- [Dataset records]:
◇ ◇ ◇ ◇ ◇ ◇ ◇
lemma S_a_max_at_block_start:
  assumes \<pi>: "\<pi> \<in> S_a a" and n: "sum_list a \<noteq> 0"
  shows "\<exists>i<length a. 1 \<le> a ! i \<and> \<pi> (block_end a i + 1) = sum_list a"
proof -
  let ?n = "sum_list a"
  have \<pi>p: "\<pi> permutes {1..?n}" using S_a_permutes[OF \<pi>] .
  have "?n \<in> {1..?n}" using n by (intro atLeastAtMost_iff[THEN iffD2] conjI) linarith+
  then obtain p where p: "p \<in> {1..?n}" "\<pi> p = ?n" using permutes_image[OF \<pi>p] by (metis imageE)
  obtain i where i: "i < length a" "p \<in> blk a (Suc i)" using ex_blk[OF p(1)] by blast
  have "p = block_end a i + 1"
  proof (rule ccontr)
    assume "p \<noteq> block_end a i + 1"
    then have q: "p - 1 \<in> blk a (Suc i)" using i by (auto simp: blk_Suc)
    then have "?n < \<pi> (p - 1)"
      using S_a_decreasing[OF \<pi>, of "p - 1" p] same_block_SucI[OF i(1) q i(2)] p by force
    moreover have "\<pi> (p - 1) \<in> {1..?n}" using permutes_in_image[OF \<pi>p] subsetD[OF blk_subset q] by simp
    ultimately show False by simp
  qed
  moreover have "1 \<le> a ! i" using i blk_Suc_eq by fastforce
  ultimately show ?thesis using i p by blast
qed
(* For every $\varepsilon>0$ and $\Delta>0$ there exists $c>0$ such that the following holds. Let $G$ be a connected graph on vertex set $[n]$ with maximum degree at most $\Delta$, let $R\sim G(n,\varepsilon/n)$ and $G^*=G\cup R$. Then asymptotically almost surely $G^*$ contains a path of length at least $cn$.
   Context: $G(n,p)$ denotes the binomial random graph on $[n]$ with each pair an edge independently with probability $p$; $G\cup R$ is the graph on $[n]$ with edge set the union of those of $G$ and $R$. Asymptotically almost surely means with probability tending to $1$ as $n\to\infty$, for an arbitrary sequence of such graphs $G=G_n$. *)

theory Defs
  imports "HOL-Probability.Probability"
begin

text \<open>Simple graphs on vertex set [n] = {0..<n}, represented by their edge sets:
  an edge is a 2-element set {u,v} with u \<noteq> v.\<close>

definition all_pairs :: "nat \<Rightarrow> nat set set" where
  "all_pairs n = {{i, j} | i j. i < j \<and> j < n}"

definition is_graph :: "nat \<Rightarrow> nat set set \<Rightarrow> bool" where
  "is_graph n E \<longleftrightarrow> E \<subseteq> all_pairs n"

definition degree :: "nat set set \<Rightarrow> nat \<Rightarrow> nat" where
  "degree E u = card {v. {u, v} \<in> E}"

definition max_degree_le :: "nat \<Rightarrow> nat set set \<Rightarrow> real \<Rightarrow> bool" where
  "max_degree_le n E D \<longleftrightarrow> (\<forall>u<n. real (degree E u) \<le> D)"

definition connected_graph :: "nat \<Rightarrow> nat set set \<Rightarrow> bool" where
  "connected_graph n E \<longleftrightarrow>
     (\<forall>u<n. \<forall>v<n. (u, v) \<in> {(x, y). {x, y} \<in> E}\<^sup>*)"

definition is_path :: "nat \<Rightarrow> nat set set \<Rightarrow> nat list \<Rightarrow> bool" where
  "is_path n E vs \<longleftrightarrow> vs \<noteq> [] \<and> distinct vs \<and> set vs \<subseteq> {..<n} \<and>
     (\<forall>i. Suc i < length vs \<longrightarrow> {vs ! i, vs ! Suc i} \<in> E)"

definition has_path_of_length_ge :: "nat \<Rightarrow> nat set set \<Rightarrow> real \<Rightarrow> bool" where
  "has_path_of_length_ge n E L \<longleftrightarrow> (\<exists>vs. is_path n E vs \<and> real (length vs - 1) \<ge> L)"
lemma parent_exists:
  assumes "x \<in> V" "x \<noteq> r"
  shows "\<exists>y. E y x \<and> Suc (depth y) = depth x"
proof -
  obtain w where w: "is_walk V E w" "hd w = r" "last w = x" "length w = Suc (depth x)"
    using depth_walk[OF assms(1)] .
  have "depth x \<noteq> 0" using assms depth_eq_0 by blast
  define w' where "w' = butlast w"
  have w': "w = w' @ [x]" "w' \<noteq> []"
    using w(3,4) \<open>depth x \<noteq> 0\<close> unfolding w'_def
    by (auto simp flip: length_0_conv)
  let ?y = "last w'"
  have "E ?y x" "is_walk V E w'" "hd w' = r"
    using w(1,2) w' by (auto simp: is_walk_iff successively_append_iff)
  then have "Suc (depth ?y) \<le> depth x"
    using depth_less[of w' ?y] w(4) w' by simp
  moreover have "depth x \<le> Suc (depth ?y)"
  proof -
    obtain u where u: "is_walk V E u" "hd u = r" "last u = ?y" "length u = Suc (depth ?y)"
      using depth_walk edge_vertices[OF \<open>E ?y x\<close>] by blast
    then have "is_walk V E (u @ [x])" "hd (u @ [x]) = r"
      using \<open>E ?y x\<close> assms(1) by (auto simp: is_walk_iff successively_append_iff)
    then show ?thesis using depth_less[of "u @ [x]" x] u(4) by simp
  qed
  ultimately show ?thesis using \<open>E ?y x\<close> by (intro exI[of _ ?y]) simp
qed

definition parent :: "nat \<Rightarrow> nat" where
  "parent x = (SOME y. E y x \<and> Suc (depth y) = depth x)"

lemma parent:
  assumes "x \<in> V" "x \<noteq> r"
  shows "E (parent x) x" "parent x \<in> V" "Suc (depth (parent x)) = depth x"
proof -
  show "E (parent x) x" "Suc (depth (parent x)) = depth x"
    using someI_ex[OF parent_exists[OF assms]] unfolding parent_def by blast+
  then show "parent x \<in> V" using edge_vertices by blast
qed

function root_path :: "nat \<Rightarrow> nat list" where
  "root_path x = (if x \<in> V \<and> x \<noteq> r then root_path (parent x) @ [x] else [x])"
  by auto
termination
  by (relation "measure depth") (auto simp flip: parent(3))

declare root_path.simps [simp del]

lemma root_path_root [simp]: "root_path r = [r]"
  using root_path.simps[of r] by simp

lemma root_path_parent: "x \<in> V \<Longrightarrow> x \<noteq> r \<Longrightarrow> root_path x = root_path (parent x) @ [x]"
  using root_path.simps[of x] by simp

lemma root_path_not_Nil [simp]: "root_path x \<noteq> []"
  using root_path.simps[of x] by (simp split: if_splits)

lemma last_root_path [simp]: "last (root_path x) = x"
  using root_path.simps[of x] by (simp split: if_splits)

lemma depth_le_of_mem_root_path: "x \<in> V \<Longrightarrow> z \<in> set (root_path x) \<Longrightarrow> depth z \<le> depth x"
proof (induction x rule: root_path.induct)
  case (1 x)
  show ?case
  proof (cases "x = r")
    case False
    then have "z \<in> set (root_path (parent x)) \<or> z = x"
      using "1.prems" by (auto simp: root_path_parent)
    then show ?thesis
      using "1.IH" "1.prems"(1) False parent(2,3)[OF "1.prems"(1) False] by fastforce
  qed (use "1.prems" in simp)
qed

lemma hd_root_path: "x \<in> V \<Longrightarrow> hd (root_path x) = r"
proof (induction x rule: root_path.induct)
  case (1 x)
  then show ?case
    by (cases "x = r") (simp_all add: root_path_parent parent(2))
qed

lemma is_path_root_path: "x \<in> V \<Longrightarrow> is_path V E (root_path x)"
proof (induction x rule: root_path.induct)
  case (1 x)
  show ?case
  proof (cases "x = r")
    case False
    note parent = parent[OF "1.prems" False]
    have "x \<notin> set (root_path (parent x))"
      using depth_le_of_mem_root_path[of "parent x" x] parent(2,3) by fastforce
    then show ?thesis
      using "1.IH" "1.prems" False parent(1,2)
      by (auto simp: root_path_parent is_path_iff successively_append_iff)
  qed (simp add: root is_path_iff)
qed

lemma prefix_root_path_of_mem:
  "x \<in> V \<Longrightarrow> z \<in> set (root_path x) \<Longrightarrow> prefix (root_path z) (root_path x)"
proof (induction x rule: root_path.induct)
  case (1 x)
  show ?case
  proof (cases "x = r \<or> z = x")
    case False
    then have "z \<in> set (root_path (parent x))"
      using "1.prems" by (simp add: root_path_parent)
    then show ?thesis
      using "1.IH" "1.prems"(1) False parent(2)[OF "1.prems"(1)]
      by (simp add: root_path_parent)
  qed (use "1.prems" in auto)
qed

lemma root_path_inter_subset:
  assumes "x \<in> V" "y \<in> V"
  shows "set (root_path x) \<inter> set (root_path y) \<subseteq>
    set (longest_common_prefix (root_path x) (root_path y))"
proof
  fix z assume "z \<in> set (root_path x) \<inter> set (root_path y)"
  then have "prefix (root_path z) (longest_common_prefix (root_path x) (root_path y))"
    using assms by (auto intro: longest_common_prefix_max_prefix prefix_root_path_of_mem)
  moreover have "z \<in> set (root_path z)"
    using last_in_set[OF root_path_not_Nil] by simp
  ultimately show "z \<in> set (longest_common_prefix (root_path x) (root_path y))"
    using set_mono_prefix by blast
qed

lemma drop_root_path_disjoint:
  assumes "x \<in> V" "y \<in> V" "length (longest_common_prefix (root_path x) (root_path y)) \<le> n"
  shows "set (drop n (root_path x)) \<inter> set (root_path y) = {}"
proof -
  let ?lcp = "longest_common_prefix (root_path x) (root_path y)"
  have "length ?lcp \<le> length (root_path x)"
    by (rule prefix_length_le[OF longest_common_prefix_prefix1])
  then have "prefix ?lcp (take n (root_path x))"
    using assms(3) by (intro prefix_length_prefix[OF longest_common_prefix_prefix1 take_is_prefix]) simp
  then have "set ?lcp \<subseteq> set (take n (root_path x))"
    by (rule set_mono_prefix)
  moreover have "set (drop n (root_path x)) \<subseteq> set (root_path x)"
    by (rule set_drop_subset)
  moreover have "set (take n (root_path x)) \<inter> set (drop n (root_path x)) = {}"
    using is_path_root_path[OF assms(1)] unfolding is_path_iff
    by (metis append_take_drop_id distinct_append)
  ultimately show ?thesis
    using root_path_inter_subset[OF assms(1,2)] by blast
qed

lemma longest_common_prefix_root_path_not_Nil:
  assumes "x \<in> V" "y \<in> V"
  shows "longest_common_prefix (root_path x) (root_path y) \<noteq> []"
proof -
  obtain xs ys where "root_path x = r # xs" "root_path y = r # ys"
    using hd_root_path[OF assms(1)] hd_root_path[OF assms(2)] root_path_not_Nil
    by (metis list.collapse)
  then show ?thesis by simp
qed

lemma prefix_free_root_paths_of_leaves:
  assumes "\<forall>x\<in>L. is_leaf V E x" "r \<notin> L"
  shows "prefix_free (root_path ` L)"
  unfolding prefix_free_def
proof (intro ballI impI)
  fix xs ys assume "xs \<in> root_path ` L" "ys \<in> root_path ` L" "prefix xs ys"
  then obtain x y where "x \<in> L" "y \<in> L" and xy: "xs = root_path x" "ys = root_path y"
    by blast
  have x: "x \<in> V" "x \<noteq> r" "card {u \<in> V. E x u} = 1"
    using assms \<open>x \<in> L\<close> unfolding is_leaf_def by auto
  show "xs = ys"
  proof (rule ccontr)
    assume "xs \<noteq> ys"
    then obtain w ws where "root_path y = root_path x @ w # ws"
      using \<open>prefix xs ys\<close> xy by (metis strict_prefixE' strict_prefixI)
    then have y: "root_path y = root_path (parent x) @ x # w # ws"
      using root_path_parent[OF x(1,2)] by simp
    have "is_path V E (root_path y)"
      using \<open>y \<in> L\<close> assms(1) is_path_root_path unfolding is_leaf_def by blast
    then have "E x w" "w \<notin> set (root_path (parent x))"
      unfolding y by (auto simp: is_path_iff successively_append_iff)
    moreover have "E x (parent x)" "parent x \<in> set (root_path (parent x))"
      using parent[OF x(1,2)] edge_sym last_in_set[OF root_path_not_Nil] by auto
    ultimately have "card {parent x, w} \<le> card {u \<in> V. E x u}"
      using finite_vertices edge_vertices by (intro card_mono) auto
    moreover have "parent x \<noteq> w"
      using \<open>w \<notin> set (root_path (parent x))\<close> \<open>parent x \<in> set (root_path (parent x))\<close> by blast
    ultimately show False using x(3) by simp
  qed
qed

section \<open>Leaves joined by tripods of equal weight\<close>

lemma weighted_tripod_if_lcp12_longest:
  fixes lab :: "nat set \<Rightarrow> int" and q b c :: int
  assumes V: "x1 \<in> V" "x2 \<in> V" "x3 \<in> V"
    and longest:
      "length (longest_common_prefix (root_path x1) (root_path x3))
         \<le> length (longest_common_prefix (root_path x1) (root_path x2))"
      "length (longest_common_prefix (root_path x2) (root_path x3))
         \<le> length (longest_common_prefix (root_path x1) (root_path x2))"
    and c: "path_weight lab (root_path x1) mod q = c" "path_weight lab (root_path x2) mod q = c"
      "path_weight lab (root_path x3) mod q = c"
    and b: "path_weight lab (longest_common_prefix (root_path x1) (root_path x2)) mod q = b"
      "path_weight lab (longest_common_prefix (root_path x1) (root_path x3)) mod q = b"
  shows "weighted_tripod V E lab q ((c - b) mod q) x1 x2 x3"
proof -
  define C where "C = longest_common_prefix (root_path x1) (root_path x2)"
  define D where "D = longest_common_prefix (root_path x1) (root_path x3)"
  obtain B1 where A1: "root_path x1 = C @ B1"
    unfolding C_def by (metis longest_common_prefix_prefix1 prefixE)
  obtain B2 where A2: "root_path x2 = C @ B2"
    unfolding C_def by (metis longest_common_prefix_prefix2 prefixE)
  obtain B3 where A3: "root_path x3 = D @ B3"
    unfolding D_def by (metis longest_common_prefix_prefix2 prefixE)
  have "prefix D C"
    using longest(1) unfolding C_def D_def
    by (metis longest_common_prefix_prefix1 prefix_length_prefix)
  then obtain X where X: "C = D @ X" by (rule prefixE)
  have "D \<noteq> []"
    using V longest_common_prefix_root_path_not_Nil unfolding D_def by auto
  have B1: "B1 = drop (length C) (root_path x1)" using A1 by simp
  have B2: "B2 = drop (length C) (root_path x2)" using A2 by simp
  have B3: "B3 = drop (length D) (root_path x3)" using A3 by simp
  have "set B1 \<inter> set (root_path x2) = {}"
    unfolding B1 C_def by (rule drop_root_path_disjoint[OF V(1,2) order_refl])
  moreover have "set B1 \<inter> set (root_path x3) = {}"
    unfolding B1 C_def by (rule drop_root_path_disjoint[OF V(1,3) longest(1)])
  moreover have "set B2 \<inter> set (root_path x3) = {}"
    unfolding B2 C_def by (rule drop_root_path_disjoint[OF V(2,3) longest(2)])
  moreover have "set B3 \<inter> set (root_path x1) = {}"
    unfolding B3 D_def
    by (rule drop_root_path_disjoint[OF V(3,1)]) (simp add: longest_common_prefix_commute)
  ultimately have disj: "set B1 \<inter> set B2 = {}" "set B1 \<inter> set B3 = {}" "set B2 \<inter> set B3 = {}"
      "set C \<inter> set B3 = {}"
    unfolding A1 A2 A3 by auto
  have paths: "is_path V E (C @ B1)" "is_path V E (C @ B2)" "is_path V E (D @ B3)"
    using is_path_root_path[OF V(1)] is_path_root_path[OF V(2)] is_path_root_path[OF V(3)]
    unfolding A1 A2 A3 .
  from weighted_tripod_of_branching[OF edge_sym paths X \<open>D \<noteq> []\<close> disj
      c[unfolded A1 A2 A3] b[folded C_def D_def]]
  show ?thesis
    by (simp only: A1[symmetric] A2[symmetric] A3[symmetric] last_root_path)
qed
lemma tiling_replace:
  assumes T: "T \<in> tilings R" and D1: "D1 \<subseteq> T" and D2: "D2 \<subseteq> dominoes R"
    and same_cells: "\<Union>D1 = \<Union>D2"
    and disjoint: "\<And>c d d'. d \<in> D2 \<Longrightarrow> d' \<in> D2 \<Longrightarrow> c \<in> d \<Longrightarrow> c \<in> d' \<Longrightarrow> d = d'"
  shows "T - D1 \<union> D2 \<in> tilings R"
proof -
  have "\<exists>!d. d \<in> T - D1 \<union> D2 \<and> c \<in> d" if c: "c \<in> R" for c
  proof -
    have "\<exists>!d. d \<in> T \<and> c \<in> d"
      using T c unfolding tilings_def by blast
    then obtain d0 where d0: "d0 \<in> T" "c \<in> d0" and d0_unique: "\<And>e. e \<in> T \<Longrightarrow> c \<in> e \<Longrightarrow> e = d0"
      by metis
    show ?thesis
    proof (cases "c \<in> \<Union>D2")
      case True
      then obtain d where d: "d \<in> D2" "c \<in> d"
        by blast
      have "d0 \<in> D1"
        using True same_cells d0_unique D1 by blast
      show ?thesis
      proof (rule ex1I[of _ d])
        fix e
        assume "e \<in> T - D1 \<union> D2 \<and> c \<in> e"
        then show "e = d"
          using disjoint d d0_unique \<open>d0 \<in> D1\<close> by blast
      qed (use d in blast)
    next
      case False
      then have "d0 \<notin> D1"
        using same_cells d0(2) by blast
      show ?thesis
      proof (rule ex1I[of _ d0])
        fix e
        assume "e \<in> T - D1 \<union> D2 \<and> c \<in> e"
        then show "e = d0"
          using False d0_unique by blast
      qed (use d0 \<open>d0 \<notin> D1\<close> in blast)
    qed
  qed
  moreover have "T - D1 \<union> D2 \<subseteq> dominoes R"
    using T D2 unfolding tilings_def by blast
  ultimately show ?thesis
    unfolding tilings_def by blast
qed

lemma flip_move_tiling: "flip_move R T T' \<Longrightarrow> T' \<in> tilings R"
  unfolding flip_move_def using tiling_replace local_flip_dominoes by metis

lemma symp_flip_move: "symp (flip_move R)"
proof (rule sympI)
  fix T T'
  assume move: "flip_move R T T'"
  then obtain D1 D2 where D: "(D1, D2) \<in> local_flips R" "D1 \<subseteq> T" "D2 \<inter> T = {}" "T' = T - D1 \<union> D2"
    unfolding flip_move_def by blast
  have "D1 \<inter> D2 = {}"
    using local_flip_dominoes(3)[OF D(1)] .
  then have "D2 \<subseteq> T'" "D1 \<inter> T' = {}" "T = T' - D2 \<union> D1"
    using D by blast+
  then show "flip_move R T' T"
    unfolding flip_move_def using flip_move_tiling[OF move] local_flip_swap[OF D(1)] by blast
qed

lemma thurston_flow_neg_iff:
  "adjacent p q \<Longrightarrow> thurston_flow T p q < 0 \<longleftrightarrow> ({p, q} \<in> T \<longleftrightarrow> chess_sign p = 1)"
  using chess_sign_cases[of p] by (auto simp: thurston_flow_def)

lemma thurston_flow_toggle:
  assumes "adjacent p q" and "thurston_flow T p q < 0" and "{p, q} \<in> T2 \<longleftrightarrow> {p, q} \<notin> T"
  shows "thurston_flow T2 p q = thurston_flow T p q + 4"
  using assms chess_sign_cases[of p] by (auto simp: thurston_flow_def)

lemma cycle_around_asym: "(p, q) \<in> cycle_around v \<Longrightarrow> (q, p) \<notin> cycle_around v"
  by (cases v) auto

text \<open>The sign of Thurston's flow alternates along the cycle, so if it is negative on all four sides
  then the sides covered by dominoes are every other one.\<close>

lemma descending_cycle_dominoes:
  assumes cells: "cells_around v \<subseteq> R"
    and desc: "\<And>p q. (p, q) \<in> cycle_around v \<Longrightarrow> thurston_flow T p q < 0"
  obtains D1 D2 where "(D1, D2) \<in> local_flips R" and "D1 \<subseteq> T" and "D2 \<inter> T = {}"
    and "D1 \<union> D2 = (\<lambda>(p, q). {p, q}) ` cycle_around v"
proof -
  obtain x y where v: "v = (x, y)"
    by (cases v)
  have mem: "{p, q} \<in> T \<longleftrightarrow> chess_sign p = 1" if "(p, q) \<in> cycle_around v" for p q
    using thurston_flow_neg_iff[OF adjacent_cycle_around[OF that]] desc[OF that] by blast
  have signs: "chess_sign (x, y - 1) = - chess_sign (x, y)" "chess_sign (x - 1, y - 1) = chess_sign (x, y)"
    "chess_sign (x - 1, y) = - chess_sign (x, y)"
    by (auto simp: chess_sign_def)
  define V where "V = {{(x, y), (x, y - 1)}, {(x - 1, y - 1), (x - 1, y)}}"
  define H where "H = {{(x, y - 1), (x - 1, y - 1)}, {(x - 1, y), (x, y)}}"
  have block: "(V, H) \<in> local_flips R" "(H, V) \<in> local_flips R"
  proof -
    have "{(x - 1, y - 1), (x - 1 + 1, y - 1), (x - 1, y - 1 + 1), (x - 1 + 1, y - 1 + 1)} \<subseteq> R"
      using cells v by auto
    moreover have "H = {{(x - 1, y - 1), (x - 1 + 1, y - 1)}, {(x - 1, y - 1 + 1), (x - 1 + 1, y - 1 + 1)}}"
      unfolding H_def by (simp add: insert_commute)
    moreover have "V = {{(x - 1, y - 1), (x - 1, y - 1 + 1)}, {(x - 1 + 1, y - 1), (x - 1 + 1, y - 1 + 1)}}"
      unfolding V_def by (simp add: insert_commute)
    ultimately show "(V, H) \<in> local_flips R" "(H, V) \<in> local_flips R"
      unfolding local_flips_def by blast+
  qed
  have union: "V \<union> H = (\<lambda>(p, q). {p, q}) ` cycle_around v"
    unfolding V_def H_def v by auto
  show thesis
  proof (cases "chess_sign (x, y) = 1")
    case True
    then have "V \<subseteq> T" "H \<inter> T = {}"
      unfolding V_def H_def using mem signs by (auto simp: v)
    then show thesis
      using that block(1) union by blast
  next
    case False
    then have "chess_sign (x, y) = -1"
      using chess_sign_cases by blast
    then have "H \<subseteq> T" "V \<inter> T = {}"
      unfolding V_def H_def using mem signs by (auto simp: v)
    then show thesis
      using that block(2) union by (metis Un_commute)
  qed
qed

lemma thurston_flow_toggle_cycle:
  assumes desc: "\<And>p q. (p, q) \<in> cycle_around v \<Longrightarrow> thurston_flow T p q < 0"
    and toggled: "\<And>p q. (p, q) \<in> cycle_around v \<Longrightarrow> {p, q} \<in> T2 \<longleftrightarrow> {p, q} \<notin> T"
    and kept: "\<And>p q. (p, q) \<notin> cycle_around v \<Longrightarrow> (q, p) \<notin> cycle_around v \<Longrightarrow> {p, q} \<in> T2 \<longleftrightarrow> {p, q} \<in> T"
  shows "thurston_flow T2 p q = thurston_flow T p q + 4 * circulation v p q"
proof -
  consider "(p, q) \<in> cycle_around v" | "(q, p) \<in> cycle_around v"
    | "(p, q) \<notin> cycle_around v" "(q, p) \<notin> cycle_around v"
    by blast
  then show ?thesis
  proof cases
    case 1
    then show ?thesis
      using thurston_flow_toggle[OF adjacent_cycle_around desc toggled] cycle_around_asym
      by (simp add: circulation_def)
  next
    case 2
    then have "thurston_flow T2 q p = thurston_flow T q p + 4"
      using thurston_flow_toggle[OF adjacent_cycle_around desc toggled] by blast
    then show ?thesis
      using 2 cycle_around_asym skewD[OF skew_thurston_flow, of T p q] skewD[OF skew_thurston_flow, of T2 p q]
      by (simp add: circulation_def)
  next
    case 3
    then show ?thesis
      using kept by (simp add: circulation_def thurston_flow_def)
  qed
qed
◇ ◇ ◇ ◇ ◇ ◇ ◇
- [What is required]: With the line holding "by (rule prefix_length_le[OF" as the first and the line holding "x)) \<inter> set (drop" as the last, set down that range of the entries above exactly, and nothing else.

- [Response to this task]:
    by (rule prefix_length_le[OF longest_common_prefix_prefix1])
  then have "prefix ?lcp (take n (root_path x))"
    using assms(3) by (intro prefix_length_prefix[OF longest_common_prefix_prefix1 take_is_prefix]) simp
  then have "set ?lcp \<subseteq> set (take n (root_path x))"
    by (rule set_mono_prefix)
  moreover have "set (drop n (root_path x)) \<subseteq> set (root_path x)"
    by (rule set_drop_subset)
  moreover have "set (take n (root_path x)) \<inter> set (drop n (root_path x)) = {}"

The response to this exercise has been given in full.